TASK INSTRUCTIONS: Say how many lines in the material below include "admissible". The answer is the number alone.

══ EXTRACTED ENTRIES ══

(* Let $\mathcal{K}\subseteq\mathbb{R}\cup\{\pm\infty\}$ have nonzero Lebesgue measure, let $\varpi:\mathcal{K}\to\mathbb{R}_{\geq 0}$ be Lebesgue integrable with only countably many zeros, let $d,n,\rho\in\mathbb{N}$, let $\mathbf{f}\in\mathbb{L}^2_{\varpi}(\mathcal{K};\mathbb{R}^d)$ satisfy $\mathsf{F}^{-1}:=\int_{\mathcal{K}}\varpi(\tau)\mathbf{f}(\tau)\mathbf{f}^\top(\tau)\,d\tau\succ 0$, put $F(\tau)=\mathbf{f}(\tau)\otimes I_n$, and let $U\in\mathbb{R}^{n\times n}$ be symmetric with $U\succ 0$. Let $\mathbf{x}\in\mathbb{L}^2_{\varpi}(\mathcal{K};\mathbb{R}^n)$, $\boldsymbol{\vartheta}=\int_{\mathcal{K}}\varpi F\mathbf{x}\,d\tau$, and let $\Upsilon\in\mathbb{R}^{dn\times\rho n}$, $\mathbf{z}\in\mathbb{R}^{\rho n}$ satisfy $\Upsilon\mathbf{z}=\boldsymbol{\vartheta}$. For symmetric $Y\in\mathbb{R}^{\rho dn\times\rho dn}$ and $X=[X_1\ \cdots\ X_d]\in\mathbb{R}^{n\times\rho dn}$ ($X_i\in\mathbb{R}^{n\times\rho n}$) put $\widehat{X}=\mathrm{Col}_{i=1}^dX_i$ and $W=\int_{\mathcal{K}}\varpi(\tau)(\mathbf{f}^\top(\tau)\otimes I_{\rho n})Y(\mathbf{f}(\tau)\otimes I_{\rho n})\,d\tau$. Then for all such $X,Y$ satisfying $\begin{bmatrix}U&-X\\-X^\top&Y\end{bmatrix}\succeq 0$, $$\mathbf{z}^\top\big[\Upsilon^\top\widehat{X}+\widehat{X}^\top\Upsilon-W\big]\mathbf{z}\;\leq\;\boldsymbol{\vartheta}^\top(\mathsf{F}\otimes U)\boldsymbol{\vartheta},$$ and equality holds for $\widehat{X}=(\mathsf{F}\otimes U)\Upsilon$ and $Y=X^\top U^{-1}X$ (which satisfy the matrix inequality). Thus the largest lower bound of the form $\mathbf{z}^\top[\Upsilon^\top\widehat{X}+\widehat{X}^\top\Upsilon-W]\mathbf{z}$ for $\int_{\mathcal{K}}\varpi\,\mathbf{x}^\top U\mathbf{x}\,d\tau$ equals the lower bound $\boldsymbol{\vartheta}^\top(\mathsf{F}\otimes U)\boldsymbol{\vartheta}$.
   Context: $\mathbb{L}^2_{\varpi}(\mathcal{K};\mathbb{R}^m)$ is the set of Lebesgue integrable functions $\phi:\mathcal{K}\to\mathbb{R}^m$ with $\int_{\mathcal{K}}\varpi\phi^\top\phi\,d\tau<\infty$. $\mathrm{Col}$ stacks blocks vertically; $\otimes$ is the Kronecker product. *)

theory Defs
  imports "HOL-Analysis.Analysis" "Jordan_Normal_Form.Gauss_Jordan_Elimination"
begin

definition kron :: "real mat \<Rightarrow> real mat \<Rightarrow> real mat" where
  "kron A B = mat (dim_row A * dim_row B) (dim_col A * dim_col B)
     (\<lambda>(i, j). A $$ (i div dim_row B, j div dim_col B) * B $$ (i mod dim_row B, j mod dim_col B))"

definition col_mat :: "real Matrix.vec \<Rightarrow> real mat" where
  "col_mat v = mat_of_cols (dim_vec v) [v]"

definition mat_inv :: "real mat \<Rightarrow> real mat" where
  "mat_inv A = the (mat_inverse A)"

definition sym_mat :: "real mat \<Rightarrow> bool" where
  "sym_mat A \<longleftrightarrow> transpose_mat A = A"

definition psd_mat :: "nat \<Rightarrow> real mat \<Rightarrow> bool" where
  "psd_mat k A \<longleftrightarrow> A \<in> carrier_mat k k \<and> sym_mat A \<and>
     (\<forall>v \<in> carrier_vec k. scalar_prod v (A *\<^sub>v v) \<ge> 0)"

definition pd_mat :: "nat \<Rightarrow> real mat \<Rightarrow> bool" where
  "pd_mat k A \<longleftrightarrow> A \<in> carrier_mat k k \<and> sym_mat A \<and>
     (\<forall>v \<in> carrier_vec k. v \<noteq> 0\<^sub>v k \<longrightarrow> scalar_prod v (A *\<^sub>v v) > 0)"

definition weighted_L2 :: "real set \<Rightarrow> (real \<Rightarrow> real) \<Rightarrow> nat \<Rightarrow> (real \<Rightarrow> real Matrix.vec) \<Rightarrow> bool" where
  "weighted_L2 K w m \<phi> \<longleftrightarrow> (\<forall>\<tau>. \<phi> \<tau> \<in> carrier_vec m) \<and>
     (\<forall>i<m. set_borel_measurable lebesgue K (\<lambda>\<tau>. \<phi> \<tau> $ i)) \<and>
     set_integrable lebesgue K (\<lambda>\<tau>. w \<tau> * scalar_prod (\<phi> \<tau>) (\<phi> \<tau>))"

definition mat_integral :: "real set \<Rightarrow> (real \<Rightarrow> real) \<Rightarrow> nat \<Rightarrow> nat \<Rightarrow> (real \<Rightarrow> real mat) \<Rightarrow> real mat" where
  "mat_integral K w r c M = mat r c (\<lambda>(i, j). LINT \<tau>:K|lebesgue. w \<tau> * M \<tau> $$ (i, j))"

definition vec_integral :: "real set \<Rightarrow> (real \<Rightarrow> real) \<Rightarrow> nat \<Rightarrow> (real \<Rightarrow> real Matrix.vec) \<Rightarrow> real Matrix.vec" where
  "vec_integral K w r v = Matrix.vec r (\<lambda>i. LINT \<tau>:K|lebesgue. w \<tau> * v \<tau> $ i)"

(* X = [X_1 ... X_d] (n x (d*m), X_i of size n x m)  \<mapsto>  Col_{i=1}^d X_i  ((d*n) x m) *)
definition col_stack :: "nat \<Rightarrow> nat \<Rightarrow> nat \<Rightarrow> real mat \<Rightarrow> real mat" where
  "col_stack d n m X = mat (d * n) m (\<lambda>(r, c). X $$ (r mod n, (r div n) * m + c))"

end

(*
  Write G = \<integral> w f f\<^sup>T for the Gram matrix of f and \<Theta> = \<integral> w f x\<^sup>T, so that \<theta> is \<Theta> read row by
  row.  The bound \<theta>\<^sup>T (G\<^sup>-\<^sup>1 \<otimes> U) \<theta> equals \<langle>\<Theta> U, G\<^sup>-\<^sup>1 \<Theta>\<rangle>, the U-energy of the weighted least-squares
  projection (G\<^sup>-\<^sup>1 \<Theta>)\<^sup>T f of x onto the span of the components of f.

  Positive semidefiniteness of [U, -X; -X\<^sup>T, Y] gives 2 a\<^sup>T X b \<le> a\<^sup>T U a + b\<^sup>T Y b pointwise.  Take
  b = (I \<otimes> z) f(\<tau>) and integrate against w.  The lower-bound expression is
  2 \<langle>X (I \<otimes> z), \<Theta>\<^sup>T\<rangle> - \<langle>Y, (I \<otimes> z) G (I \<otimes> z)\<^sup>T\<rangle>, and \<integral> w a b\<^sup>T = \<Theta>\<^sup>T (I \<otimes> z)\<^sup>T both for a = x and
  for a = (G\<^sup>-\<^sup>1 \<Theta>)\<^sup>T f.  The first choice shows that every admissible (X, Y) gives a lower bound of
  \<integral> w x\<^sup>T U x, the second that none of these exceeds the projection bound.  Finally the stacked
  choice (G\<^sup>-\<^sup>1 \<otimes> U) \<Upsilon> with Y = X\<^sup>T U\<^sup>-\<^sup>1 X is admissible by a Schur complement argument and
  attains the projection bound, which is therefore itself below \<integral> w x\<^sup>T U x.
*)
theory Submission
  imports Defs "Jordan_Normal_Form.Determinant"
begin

═══

SOLUTION TO THE EXERCISE: 2